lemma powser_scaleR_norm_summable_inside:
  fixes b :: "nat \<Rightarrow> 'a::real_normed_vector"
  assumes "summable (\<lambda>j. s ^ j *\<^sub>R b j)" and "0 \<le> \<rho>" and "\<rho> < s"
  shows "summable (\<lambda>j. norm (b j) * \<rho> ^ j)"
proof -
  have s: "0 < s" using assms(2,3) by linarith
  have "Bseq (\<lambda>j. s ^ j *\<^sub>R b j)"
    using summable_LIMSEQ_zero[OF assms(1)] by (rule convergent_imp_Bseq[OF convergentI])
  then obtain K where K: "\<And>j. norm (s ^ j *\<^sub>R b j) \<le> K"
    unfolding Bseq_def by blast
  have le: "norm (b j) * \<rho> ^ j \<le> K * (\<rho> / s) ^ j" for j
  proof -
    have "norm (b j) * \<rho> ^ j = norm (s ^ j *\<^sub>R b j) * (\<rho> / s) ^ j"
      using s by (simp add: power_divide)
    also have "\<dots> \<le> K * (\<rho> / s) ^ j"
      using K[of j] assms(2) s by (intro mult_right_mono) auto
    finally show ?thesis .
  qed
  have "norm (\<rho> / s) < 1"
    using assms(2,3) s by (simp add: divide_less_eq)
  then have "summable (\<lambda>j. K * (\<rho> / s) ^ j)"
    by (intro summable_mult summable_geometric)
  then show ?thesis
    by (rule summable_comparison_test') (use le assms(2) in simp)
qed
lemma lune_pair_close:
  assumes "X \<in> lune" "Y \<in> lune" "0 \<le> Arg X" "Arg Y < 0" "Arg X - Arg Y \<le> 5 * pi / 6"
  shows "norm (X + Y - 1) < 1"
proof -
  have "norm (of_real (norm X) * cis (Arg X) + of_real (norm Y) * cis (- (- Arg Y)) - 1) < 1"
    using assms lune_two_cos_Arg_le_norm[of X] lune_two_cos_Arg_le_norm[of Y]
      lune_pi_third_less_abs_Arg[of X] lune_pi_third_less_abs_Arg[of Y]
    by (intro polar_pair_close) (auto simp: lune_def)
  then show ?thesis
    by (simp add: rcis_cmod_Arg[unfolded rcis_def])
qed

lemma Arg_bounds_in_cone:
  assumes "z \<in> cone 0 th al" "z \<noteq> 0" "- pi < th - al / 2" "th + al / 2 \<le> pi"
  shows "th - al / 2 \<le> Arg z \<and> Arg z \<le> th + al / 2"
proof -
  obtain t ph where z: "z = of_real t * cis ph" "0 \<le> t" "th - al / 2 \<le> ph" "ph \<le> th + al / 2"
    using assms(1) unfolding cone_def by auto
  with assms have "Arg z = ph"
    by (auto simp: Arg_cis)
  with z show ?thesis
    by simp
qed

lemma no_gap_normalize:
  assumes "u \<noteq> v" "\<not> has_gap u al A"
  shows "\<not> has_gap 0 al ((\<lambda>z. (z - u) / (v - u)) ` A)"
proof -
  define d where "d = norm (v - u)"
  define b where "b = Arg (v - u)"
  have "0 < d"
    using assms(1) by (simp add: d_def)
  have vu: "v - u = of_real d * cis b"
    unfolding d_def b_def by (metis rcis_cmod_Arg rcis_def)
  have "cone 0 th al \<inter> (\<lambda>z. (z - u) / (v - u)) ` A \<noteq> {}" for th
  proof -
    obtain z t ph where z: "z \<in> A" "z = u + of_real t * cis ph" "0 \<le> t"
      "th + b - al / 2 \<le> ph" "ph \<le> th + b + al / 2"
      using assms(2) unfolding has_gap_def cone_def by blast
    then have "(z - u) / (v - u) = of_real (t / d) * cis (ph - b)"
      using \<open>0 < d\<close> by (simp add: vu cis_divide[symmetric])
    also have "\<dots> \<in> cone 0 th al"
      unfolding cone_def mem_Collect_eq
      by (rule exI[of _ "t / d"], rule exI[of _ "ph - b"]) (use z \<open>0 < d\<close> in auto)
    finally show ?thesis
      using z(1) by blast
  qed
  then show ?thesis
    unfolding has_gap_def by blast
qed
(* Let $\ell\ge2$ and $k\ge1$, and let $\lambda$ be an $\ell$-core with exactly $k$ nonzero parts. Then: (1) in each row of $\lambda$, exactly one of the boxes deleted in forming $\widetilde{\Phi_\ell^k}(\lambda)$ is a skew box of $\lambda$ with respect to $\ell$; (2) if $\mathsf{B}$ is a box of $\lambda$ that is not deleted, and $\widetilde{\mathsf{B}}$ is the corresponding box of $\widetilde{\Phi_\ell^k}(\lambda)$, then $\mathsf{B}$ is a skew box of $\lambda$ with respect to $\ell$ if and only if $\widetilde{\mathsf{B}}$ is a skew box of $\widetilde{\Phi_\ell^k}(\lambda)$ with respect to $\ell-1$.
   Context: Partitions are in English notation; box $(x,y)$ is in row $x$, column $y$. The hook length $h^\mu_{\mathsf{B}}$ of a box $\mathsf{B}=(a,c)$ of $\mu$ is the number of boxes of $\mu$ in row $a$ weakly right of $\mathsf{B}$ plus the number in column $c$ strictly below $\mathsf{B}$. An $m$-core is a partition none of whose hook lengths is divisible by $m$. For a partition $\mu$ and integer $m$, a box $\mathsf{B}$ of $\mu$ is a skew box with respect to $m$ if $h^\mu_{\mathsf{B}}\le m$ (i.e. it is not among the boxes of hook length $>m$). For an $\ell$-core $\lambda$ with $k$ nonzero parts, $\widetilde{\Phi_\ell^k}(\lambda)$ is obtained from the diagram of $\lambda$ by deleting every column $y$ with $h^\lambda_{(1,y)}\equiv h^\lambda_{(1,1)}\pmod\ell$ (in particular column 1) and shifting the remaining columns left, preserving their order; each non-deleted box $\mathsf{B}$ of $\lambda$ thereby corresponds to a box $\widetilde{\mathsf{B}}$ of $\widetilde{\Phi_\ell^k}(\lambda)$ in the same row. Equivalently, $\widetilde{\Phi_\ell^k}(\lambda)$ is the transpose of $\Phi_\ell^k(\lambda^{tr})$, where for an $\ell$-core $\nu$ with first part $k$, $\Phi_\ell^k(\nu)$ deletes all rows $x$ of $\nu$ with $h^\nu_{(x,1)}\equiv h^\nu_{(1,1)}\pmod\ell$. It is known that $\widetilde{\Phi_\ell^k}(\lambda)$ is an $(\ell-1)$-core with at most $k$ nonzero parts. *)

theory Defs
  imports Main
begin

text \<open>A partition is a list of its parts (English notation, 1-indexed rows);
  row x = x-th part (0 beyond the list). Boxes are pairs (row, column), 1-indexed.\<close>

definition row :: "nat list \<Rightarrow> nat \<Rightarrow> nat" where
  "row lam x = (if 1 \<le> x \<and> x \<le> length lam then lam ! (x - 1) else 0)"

****************************************

Task brief> Would you copy every line of the entries in which "Rightarrow" appears?

Final answer>
  fixes b :: "nat \<Rightarrow> 'a::real_normed_vector"
definition row :: "nat list \<Rightarrow> nat \<Rightarrow> nat" where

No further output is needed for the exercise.